╔══

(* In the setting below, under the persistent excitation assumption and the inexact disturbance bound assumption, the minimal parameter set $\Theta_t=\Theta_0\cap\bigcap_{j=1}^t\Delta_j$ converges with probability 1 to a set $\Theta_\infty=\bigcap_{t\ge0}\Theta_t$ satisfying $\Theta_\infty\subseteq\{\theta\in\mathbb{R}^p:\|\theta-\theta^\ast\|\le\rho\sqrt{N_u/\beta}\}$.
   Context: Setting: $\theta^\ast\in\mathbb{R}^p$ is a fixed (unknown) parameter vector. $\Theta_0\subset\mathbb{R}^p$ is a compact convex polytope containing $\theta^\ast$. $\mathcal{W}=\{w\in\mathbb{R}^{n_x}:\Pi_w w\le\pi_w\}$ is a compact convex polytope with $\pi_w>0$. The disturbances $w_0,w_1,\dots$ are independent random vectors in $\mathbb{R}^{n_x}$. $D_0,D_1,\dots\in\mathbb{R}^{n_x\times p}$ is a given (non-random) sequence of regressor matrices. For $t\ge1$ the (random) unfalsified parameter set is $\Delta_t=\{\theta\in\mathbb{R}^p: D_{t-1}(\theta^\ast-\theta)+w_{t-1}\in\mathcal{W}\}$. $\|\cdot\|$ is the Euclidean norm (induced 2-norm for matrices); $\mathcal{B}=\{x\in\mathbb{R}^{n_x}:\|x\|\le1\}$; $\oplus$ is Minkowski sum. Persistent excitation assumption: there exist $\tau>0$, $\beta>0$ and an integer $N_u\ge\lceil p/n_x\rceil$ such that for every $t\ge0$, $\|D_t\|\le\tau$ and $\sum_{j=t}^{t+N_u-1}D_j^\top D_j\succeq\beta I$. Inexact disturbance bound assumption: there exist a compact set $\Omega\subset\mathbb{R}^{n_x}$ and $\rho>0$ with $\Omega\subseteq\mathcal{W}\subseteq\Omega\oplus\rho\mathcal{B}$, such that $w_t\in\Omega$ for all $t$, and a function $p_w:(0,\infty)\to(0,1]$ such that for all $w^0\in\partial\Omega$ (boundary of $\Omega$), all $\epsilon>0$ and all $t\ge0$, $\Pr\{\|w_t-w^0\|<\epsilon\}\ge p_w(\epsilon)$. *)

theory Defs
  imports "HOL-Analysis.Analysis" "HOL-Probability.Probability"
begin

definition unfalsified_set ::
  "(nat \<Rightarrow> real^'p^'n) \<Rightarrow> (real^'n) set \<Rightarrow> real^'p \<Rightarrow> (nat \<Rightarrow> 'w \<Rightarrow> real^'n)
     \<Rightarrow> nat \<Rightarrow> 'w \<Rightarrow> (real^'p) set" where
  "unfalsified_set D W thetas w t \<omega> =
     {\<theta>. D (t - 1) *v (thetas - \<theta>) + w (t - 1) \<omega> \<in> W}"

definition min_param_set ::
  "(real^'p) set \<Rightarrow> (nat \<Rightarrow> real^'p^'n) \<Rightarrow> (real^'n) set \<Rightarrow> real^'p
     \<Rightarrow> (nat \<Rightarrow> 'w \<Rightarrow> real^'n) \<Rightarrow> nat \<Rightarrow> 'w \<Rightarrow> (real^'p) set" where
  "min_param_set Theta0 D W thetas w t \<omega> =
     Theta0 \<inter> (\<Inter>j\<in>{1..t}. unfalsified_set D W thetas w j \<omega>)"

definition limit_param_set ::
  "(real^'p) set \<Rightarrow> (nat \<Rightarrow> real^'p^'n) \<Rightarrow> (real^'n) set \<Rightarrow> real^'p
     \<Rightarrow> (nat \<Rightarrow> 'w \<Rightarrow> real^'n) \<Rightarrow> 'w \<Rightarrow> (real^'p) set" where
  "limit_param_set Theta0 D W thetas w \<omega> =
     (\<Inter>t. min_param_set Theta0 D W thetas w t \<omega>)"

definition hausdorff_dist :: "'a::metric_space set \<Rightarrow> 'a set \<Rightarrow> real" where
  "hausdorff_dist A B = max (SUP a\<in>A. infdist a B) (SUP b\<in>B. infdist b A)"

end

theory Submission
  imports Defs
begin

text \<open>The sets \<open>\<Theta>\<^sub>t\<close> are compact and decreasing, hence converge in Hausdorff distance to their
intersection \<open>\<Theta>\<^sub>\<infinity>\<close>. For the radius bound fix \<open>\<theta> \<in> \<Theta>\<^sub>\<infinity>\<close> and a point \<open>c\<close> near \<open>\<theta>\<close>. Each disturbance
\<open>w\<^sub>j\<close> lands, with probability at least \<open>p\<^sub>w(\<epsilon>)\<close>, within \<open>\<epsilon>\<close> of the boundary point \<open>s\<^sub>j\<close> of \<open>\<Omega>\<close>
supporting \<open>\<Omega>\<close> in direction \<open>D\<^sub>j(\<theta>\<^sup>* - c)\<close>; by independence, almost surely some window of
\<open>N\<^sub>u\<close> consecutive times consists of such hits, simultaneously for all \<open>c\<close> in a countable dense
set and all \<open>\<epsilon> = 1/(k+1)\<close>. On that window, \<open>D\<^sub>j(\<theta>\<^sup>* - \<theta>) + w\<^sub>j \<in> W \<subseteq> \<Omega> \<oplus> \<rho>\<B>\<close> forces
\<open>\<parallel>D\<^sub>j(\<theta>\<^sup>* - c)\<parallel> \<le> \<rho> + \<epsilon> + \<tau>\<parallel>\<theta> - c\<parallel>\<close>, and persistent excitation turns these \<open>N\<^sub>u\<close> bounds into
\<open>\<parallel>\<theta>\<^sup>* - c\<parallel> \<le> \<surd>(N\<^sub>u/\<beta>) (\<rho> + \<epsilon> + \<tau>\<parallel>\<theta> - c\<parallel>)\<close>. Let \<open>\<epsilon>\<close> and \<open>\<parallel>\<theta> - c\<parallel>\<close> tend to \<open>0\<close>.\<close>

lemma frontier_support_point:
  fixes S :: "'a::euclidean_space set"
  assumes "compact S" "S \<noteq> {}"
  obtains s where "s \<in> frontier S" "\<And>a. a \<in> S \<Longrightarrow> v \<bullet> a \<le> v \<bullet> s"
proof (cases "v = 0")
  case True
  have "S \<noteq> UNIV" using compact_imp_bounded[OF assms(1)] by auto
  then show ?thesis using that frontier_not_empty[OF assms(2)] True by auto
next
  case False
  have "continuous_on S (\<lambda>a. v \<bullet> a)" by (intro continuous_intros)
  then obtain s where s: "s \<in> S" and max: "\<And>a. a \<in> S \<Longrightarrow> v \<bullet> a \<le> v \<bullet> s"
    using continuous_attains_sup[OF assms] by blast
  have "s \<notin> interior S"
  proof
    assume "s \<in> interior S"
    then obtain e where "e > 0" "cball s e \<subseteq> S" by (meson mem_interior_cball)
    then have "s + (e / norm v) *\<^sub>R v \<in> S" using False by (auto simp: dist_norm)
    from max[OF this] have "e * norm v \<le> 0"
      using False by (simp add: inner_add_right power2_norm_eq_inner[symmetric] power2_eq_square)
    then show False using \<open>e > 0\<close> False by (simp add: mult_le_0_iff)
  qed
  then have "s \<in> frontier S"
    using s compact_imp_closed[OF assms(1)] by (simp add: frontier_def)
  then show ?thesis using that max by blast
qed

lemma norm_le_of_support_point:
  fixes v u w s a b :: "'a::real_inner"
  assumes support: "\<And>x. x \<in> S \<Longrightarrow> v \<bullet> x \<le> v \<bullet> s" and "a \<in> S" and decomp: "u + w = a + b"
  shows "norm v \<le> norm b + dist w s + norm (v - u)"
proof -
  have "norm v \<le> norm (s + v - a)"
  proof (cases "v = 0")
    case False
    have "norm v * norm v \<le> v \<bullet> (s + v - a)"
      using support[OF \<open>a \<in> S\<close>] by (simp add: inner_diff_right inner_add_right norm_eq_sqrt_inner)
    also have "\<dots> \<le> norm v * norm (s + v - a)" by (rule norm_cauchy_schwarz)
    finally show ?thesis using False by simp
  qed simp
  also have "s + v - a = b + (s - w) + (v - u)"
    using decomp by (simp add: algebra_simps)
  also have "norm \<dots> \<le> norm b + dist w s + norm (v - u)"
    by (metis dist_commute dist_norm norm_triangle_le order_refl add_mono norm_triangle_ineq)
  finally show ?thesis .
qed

╚══
╔══

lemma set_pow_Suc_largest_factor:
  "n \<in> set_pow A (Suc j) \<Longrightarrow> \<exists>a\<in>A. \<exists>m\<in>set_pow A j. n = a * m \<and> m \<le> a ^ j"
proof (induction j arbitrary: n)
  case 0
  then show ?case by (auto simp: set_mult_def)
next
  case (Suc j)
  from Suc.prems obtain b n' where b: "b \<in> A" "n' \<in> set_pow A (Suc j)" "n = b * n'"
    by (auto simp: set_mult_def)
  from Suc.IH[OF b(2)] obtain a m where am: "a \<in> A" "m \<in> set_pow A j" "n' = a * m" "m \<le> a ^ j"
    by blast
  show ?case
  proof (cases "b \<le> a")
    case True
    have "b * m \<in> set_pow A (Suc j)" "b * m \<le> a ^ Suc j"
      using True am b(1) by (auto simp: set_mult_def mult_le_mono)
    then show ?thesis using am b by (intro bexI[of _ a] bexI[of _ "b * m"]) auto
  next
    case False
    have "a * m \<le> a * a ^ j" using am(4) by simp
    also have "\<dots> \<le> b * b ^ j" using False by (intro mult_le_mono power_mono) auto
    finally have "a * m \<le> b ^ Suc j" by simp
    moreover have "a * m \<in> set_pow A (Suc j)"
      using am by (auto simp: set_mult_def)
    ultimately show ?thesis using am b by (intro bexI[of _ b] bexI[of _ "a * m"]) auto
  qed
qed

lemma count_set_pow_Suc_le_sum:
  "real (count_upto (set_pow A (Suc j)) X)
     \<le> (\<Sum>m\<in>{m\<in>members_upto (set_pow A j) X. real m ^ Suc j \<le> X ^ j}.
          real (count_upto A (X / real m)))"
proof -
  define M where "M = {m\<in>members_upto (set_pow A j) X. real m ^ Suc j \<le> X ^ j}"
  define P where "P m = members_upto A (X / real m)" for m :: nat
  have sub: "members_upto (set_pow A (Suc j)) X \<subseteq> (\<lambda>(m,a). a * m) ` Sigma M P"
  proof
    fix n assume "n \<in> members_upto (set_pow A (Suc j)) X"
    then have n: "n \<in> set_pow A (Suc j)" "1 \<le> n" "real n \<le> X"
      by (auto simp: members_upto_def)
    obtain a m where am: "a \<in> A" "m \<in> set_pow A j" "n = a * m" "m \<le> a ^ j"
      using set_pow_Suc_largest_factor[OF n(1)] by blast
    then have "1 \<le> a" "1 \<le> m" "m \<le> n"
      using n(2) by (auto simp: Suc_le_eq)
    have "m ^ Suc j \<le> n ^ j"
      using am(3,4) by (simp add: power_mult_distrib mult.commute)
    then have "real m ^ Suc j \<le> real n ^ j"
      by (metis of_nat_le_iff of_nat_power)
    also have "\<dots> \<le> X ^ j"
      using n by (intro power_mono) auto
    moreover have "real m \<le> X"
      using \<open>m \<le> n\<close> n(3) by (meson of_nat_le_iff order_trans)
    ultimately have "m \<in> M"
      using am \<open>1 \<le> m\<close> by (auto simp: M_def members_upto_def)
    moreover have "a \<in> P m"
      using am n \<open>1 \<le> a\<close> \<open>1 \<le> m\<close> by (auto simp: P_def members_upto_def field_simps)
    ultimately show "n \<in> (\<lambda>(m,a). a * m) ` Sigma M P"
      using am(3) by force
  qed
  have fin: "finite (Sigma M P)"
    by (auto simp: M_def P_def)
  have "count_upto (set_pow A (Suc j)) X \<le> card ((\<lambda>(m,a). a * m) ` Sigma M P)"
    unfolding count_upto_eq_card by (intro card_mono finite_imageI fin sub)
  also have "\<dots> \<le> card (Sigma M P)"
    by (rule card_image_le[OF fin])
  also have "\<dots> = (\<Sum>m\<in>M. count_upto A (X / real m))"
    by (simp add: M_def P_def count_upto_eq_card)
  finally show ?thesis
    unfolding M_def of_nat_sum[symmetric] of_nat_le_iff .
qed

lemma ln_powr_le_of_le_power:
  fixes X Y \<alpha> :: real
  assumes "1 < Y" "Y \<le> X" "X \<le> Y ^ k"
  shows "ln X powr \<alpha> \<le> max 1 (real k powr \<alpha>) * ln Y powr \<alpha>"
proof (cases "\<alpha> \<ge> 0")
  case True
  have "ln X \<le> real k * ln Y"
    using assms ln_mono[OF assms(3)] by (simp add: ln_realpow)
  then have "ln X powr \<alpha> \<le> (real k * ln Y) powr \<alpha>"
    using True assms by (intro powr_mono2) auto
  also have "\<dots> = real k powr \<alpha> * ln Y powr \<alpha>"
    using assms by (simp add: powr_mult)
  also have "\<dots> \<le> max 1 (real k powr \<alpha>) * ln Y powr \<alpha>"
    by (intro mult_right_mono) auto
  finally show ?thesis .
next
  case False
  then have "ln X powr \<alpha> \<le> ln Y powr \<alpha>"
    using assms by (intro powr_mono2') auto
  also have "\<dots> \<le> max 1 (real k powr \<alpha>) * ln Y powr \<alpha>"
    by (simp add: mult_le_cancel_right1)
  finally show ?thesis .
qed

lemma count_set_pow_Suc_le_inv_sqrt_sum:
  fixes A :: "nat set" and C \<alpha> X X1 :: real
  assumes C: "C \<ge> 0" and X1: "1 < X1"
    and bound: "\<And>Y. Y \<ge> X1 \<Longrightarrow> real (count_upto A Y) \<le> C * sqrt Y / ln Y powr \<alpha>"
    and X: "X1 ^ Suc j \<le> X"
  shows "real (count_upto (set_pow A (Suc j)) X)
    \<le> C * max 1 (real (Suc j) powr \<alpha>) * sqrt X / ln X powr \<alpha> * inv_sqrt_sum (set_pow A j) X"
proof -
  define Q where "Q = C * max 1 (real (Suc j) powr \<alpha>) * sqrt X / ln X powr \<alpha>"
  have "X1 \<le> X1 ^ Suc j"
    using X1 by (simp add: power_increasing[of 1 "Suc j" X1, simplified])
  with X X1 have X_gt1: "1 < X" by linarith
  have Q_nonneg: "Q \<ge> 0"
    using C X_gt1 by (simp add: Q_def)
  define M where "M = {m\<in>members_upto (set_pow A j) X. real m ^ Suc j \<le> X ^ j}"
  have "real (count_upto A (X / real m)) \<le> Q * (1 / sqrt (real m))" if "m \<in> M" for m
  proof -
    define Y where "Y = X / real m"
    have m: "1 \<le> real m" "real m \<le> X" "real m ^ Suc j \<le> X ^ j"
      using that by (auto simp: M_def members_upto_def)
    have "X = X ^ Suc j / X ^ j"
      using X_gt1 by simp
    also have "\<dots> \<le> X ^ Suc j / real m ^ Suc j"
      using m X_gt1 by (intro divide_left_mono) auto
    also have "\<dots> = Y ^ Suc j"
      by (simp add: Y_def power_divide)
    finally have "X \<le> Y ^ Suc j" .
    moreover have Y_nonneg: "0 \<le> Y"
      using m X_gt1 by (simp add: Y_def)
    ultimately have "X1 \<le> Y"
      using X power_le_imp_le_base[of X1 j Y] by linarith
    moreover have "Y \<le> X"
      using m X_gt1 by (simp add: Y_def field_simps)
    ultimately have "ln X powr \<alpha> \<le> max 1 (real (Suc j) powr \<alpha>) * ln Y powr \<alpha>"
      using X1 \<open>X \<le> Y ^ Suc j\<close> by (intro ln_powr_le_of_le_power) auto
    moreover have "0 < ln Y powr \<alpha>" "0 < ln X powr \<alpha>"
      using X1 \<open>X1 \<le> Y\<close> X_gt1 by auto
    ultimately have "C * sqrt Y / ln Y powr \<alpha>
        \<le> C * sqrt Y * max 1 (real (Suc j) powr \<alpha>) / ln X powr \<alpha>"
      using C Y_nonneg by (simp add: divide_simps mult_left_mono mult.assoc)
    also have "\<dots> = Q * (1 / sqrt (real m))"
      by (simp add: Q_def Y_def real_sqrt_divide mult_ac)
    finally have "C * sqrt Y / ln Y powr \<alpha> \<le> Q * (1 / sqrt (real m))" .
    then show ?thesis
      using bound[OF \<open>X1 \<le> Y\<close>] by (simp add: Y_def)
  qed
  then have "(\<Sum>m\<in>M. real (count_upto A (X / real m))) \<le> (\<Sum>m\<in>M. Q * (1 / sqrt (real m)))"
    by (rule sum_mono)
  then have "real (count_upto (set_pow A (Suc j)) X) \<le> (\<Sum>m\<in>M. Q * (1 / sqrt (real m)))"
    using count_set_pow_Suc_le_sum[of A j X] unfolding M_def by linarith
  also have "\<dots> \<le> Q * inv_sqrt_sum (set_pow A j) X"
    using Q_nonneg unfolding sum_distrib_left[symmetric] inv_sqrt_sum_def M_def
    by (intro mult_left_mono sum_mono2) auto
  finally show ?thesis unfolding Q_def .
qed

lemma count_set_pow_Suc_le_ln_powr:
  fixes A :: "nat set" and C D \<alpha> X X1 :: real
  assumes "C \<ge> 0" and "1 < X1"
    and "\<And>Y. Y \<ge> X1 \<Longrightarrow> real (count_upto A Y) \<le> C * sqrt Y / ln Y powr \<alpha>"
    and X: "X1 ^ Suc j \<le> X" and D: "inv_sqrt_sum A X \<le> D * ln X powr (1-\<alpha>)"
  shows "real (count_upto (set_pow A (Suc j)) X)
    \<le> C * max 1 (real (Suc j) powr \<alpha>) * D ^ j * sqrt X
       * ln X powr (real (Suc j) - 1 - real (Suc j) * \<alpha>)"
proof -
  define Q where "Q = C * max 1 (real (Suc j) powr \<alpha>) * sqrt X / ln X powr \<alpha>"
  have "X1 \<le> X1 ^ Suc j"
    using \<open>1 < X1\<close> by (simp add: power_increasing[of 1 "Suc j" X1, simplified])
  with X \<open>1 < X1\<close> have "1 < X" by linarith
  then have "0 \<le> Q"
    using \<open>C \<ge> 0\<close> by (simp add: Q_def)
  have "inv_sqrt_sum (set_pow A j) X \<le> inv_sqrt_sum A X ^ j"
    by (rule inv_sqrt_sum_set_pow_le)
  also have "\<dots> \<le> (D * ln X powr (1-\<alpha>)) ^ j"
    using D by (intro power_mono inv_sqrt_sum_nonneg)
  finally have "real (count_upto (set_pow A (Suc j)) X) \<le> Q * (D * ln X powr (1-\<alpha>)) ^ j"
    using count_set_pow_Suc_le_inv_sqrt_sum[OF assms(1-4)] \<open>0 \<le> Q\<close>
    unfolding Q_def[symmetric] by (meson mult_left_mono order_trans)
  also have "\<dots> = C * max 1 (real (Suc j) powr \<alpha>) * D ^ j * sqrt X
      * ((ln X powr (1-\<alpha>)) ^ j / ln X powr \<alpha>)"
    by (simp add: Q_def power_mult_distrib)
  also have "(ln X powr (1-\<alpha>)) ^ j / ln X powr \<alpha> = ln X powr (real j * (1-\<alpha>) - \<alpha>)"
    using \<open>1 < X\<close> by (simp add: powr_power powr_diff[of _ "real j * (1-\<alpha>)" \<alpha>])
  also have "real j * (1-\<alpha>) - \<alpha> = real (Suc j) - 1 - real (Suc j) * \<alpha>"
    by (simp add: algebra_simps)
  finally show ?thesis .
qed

╚══
╔══

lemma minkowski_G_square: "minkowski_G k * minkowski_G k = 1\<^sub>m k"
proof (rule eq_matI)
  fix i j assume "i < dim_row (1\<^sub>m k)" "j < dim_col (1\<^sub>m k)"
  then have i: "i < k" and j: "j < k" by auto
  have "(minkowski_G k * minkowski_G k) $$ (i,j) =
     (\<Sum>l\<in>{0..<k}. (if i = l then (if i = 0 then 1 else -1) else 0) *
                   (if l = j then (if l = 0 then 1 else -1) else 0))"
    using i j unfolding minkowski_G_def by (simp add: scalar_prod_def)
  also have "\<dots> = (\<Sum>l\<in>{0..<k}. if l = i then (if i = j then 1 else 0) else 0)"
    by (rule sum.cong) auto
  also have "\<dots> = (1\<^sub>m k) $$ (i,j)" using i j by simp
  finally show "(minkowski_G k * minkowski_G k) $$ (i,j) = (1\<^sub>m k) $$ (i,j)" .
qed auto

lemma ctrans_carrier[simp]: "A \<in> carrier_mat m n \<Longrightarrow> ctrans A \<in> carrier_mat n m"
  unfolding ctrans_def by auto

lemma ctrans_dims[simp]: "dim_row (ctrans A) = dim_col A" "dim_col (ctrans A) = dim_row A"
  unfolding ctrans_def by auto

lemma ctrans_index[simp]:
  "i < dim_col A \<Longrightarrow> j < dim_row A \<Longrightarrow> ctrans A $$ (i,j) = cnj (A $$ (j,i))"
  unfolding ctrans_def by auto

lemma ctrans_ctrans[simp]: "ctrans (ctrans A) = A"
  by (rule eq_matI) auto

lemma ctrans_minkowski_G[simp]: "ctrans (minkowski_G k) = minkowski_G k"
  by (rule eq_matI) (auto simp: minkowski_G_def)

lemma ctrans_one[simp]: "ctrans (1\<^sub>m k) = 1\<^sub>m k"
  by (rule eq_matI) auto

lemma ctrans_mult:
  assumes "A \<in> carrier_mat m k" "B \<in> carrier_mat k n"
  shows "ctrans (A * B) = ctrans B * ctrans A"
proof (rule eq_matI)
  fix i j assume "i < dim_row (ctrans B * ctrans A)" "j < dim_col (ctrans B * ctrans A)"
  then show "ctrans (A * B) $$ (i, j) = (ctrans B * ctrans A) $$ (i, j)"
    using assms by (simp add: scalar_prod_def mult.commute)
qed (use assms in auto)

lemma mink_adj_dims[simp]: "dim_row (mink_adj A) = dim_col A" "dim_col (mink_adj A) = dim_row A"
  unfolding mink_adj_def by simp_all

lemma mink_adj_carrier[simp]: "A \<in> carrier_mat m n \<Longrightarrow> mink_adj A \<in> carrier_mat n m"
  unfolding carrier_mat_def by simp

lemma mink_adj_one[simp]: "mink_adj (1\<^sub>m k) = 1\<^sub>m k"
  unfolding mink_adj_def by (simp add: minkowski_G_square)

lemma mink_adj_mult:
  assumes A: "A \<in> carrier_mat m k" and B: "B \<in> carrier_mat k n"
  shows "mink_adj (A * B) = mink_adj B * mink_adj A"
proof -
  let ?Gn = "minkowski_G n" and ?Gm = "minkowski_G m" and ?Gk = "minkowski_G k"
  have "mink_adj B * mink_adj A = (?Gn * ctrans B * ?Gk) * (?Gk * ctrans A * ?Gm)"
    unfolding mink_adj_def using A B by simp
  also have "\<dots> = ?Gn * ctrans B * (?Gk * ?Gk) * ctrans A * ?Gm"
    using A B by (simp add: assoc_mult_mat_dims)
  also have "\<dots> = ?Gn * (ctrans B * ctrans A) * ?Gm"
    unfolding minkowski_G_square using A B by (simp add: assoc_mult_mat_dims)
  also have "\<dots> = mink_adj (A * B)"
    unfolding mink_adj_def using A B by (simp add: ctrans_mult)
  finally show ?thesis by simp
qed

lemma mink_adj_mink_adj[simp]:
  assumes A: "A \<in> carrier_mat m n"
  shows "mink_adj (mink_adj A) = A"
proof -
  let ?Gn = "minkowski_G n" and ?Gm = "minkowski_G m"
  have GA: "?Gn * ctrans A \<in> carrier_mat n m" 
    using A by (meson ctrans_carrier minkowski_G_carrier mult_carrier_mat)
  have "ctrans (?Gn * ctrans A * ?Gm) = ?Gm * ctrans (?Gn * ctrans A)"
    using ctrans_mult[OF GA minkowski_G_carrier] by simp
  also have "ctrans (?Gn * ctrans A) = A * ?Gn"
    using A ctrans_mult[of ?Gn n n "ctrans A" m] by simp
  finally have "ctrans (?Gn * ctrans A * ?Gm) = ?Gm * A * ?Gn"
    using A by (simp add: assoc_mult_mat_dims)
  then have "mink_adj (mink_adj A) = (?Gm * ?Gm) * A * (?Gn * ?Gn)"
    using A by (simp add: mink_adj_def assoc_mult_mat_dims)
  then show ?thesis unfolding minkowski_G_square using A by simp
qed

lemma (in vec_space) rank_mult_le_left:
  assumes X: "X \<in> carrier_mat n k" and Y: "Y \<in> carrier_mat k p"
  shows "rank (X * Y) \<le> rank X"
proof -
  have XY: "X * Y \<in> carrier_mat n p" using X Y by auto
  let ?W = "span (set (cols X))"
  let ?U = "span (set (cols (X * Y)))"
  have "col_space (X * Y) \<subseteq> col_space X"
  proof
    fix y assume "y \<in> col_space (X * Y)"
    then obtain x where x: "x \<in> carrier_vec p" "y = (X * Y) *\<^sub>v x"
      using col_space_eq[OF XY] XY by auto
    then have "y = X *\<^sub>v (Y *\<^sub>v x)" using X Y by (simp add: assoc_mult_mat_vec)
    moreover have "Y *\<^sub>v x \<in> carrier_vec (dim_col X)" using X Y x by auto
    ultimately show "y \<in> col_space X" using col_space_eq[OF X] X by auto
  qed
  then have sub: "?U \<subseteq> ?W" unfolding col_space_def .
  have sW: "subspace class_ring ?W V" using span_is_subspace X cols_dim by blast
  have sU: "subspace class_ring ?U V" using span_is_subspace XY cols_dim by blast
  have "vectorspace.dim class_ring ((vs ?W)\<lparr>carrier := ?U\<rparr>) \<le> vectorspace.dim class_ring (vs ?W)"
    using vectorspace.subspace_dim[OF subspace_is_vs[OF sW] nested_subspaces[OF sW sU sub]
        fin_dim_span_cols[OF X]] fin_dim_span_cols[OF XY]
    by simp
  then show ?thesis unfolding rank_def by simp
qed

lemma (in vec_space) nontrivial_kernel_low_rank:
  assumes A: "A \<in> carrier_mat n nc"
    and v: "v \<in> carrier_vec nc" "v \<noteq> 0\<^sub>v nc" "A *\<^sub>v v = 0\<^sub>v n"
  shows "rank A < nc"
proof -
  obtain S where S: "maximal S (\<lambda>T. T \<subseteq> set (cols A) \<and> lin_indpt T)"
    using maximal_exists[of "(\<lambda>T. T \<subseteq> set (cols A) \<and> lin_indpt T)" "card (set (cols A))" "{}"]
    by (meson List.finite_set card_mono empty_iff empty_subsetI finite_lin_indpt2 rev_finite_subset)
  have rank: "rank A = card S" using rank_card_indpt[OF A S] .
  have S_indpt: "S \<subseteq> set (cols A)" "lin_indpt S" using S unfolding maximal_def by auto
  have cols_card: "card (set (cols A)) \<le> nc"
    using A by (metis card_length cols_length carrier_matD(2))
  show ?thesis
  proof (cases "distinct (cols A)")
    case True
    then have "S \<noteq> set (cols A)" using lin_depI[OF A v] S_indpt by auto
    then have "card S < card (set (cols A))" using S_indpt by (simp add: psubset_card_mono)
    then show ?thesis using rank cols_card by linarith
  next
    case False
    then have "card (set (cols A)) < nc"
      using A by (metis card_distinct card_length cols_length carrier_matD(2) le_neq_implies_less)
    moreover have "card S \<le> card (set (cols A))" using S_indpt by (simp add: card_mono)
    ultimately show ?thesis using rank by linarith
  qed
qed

╚══

## Your assignment:
Return only the stretch of the material above from the line holding "unfolding M_def of_nat_sum[symmetric]" through the line holding "using X1 by", copied exactly.

## Expected answer:
    unfolding M_def of_nat_sum[symmetric] of_nat_le_iff .
qed

lemma ln_powr_le_of_le_power:
  fixes X Y \<alpha> :: real
  assumes "1 < Y" "Y \<le> X" "X \<le> Y ^ k"
  shows "ln X powr \<alpha> \<le> max 1 (real k powr \<alpha>) * ln Y powr \<alpha>"
proof (cases "\<alpha> \<ge> 0")
  case True
  have "ln X \<le> real k * ln Y"
    using assms ln_mono[OF assms(3)] by (simp add: ln_realpow)
  then have "ln X powr \<alpha> \<le> (real k * ln Y) powr \<alpha>"
    using True assms by (intro powr_mono2) auto
  also have "\<dots> = real k powr \<alpha> * ln Y powr \<alpha>"
    using assms by (simp add: powr_mult)
  also have "\<dots> \<le> max 1 (real k powr \<alpha>) * ln Y powr \<alpha>"
    by (intro mult_right_mono) auto
  finally show ?thesis .
next
  case False
  then have "ln X powr \<alpha> \<le> ln Y powr \<alpha>"
    using assms by (intro powr_mono2') auto
  also have "\<dots> \<le> max 1 (real k powr \<alpha>) * ln Y powr \<alpha>"
    by (simp add: mult_le_cancel_right1)
  finally show ?thesis .
qed

lemma count_set_pow_Suc_le_inv_sqrt_sum:
  fixes A :: "nat set" and C \<alpha> X X1 :: real
  assumes C: "C \<ge> 0" and X1: "1 < X1"
    and bound: "\<And>Y. Y \<ge> X1 \<Longrightarrow> real (count_upto A Y) \<le> C * sqrt Y / ln Y powr \<alpha>"
    and X: "X1 ^ Suc j \<le> X"
  shows "real (count_upto (set_pow A (Suc j)) X)
    \<le> C * max 1 (real (Suc j) powr \<alpha>) * sqrt X / ln X powr \<alpha> * inv_sqrt_sum (set_pow A j) X"
proof -
  define Q where "Q = C * max 1 (real (Suc j) powr \<alpha>) * sqrt X / ln X powr \<alpha>"
  have "X1 \<le> X1 ^ Suc j"
    using X1 by (simp add: power_increasing[of 1 "Suc j" X1, simplified])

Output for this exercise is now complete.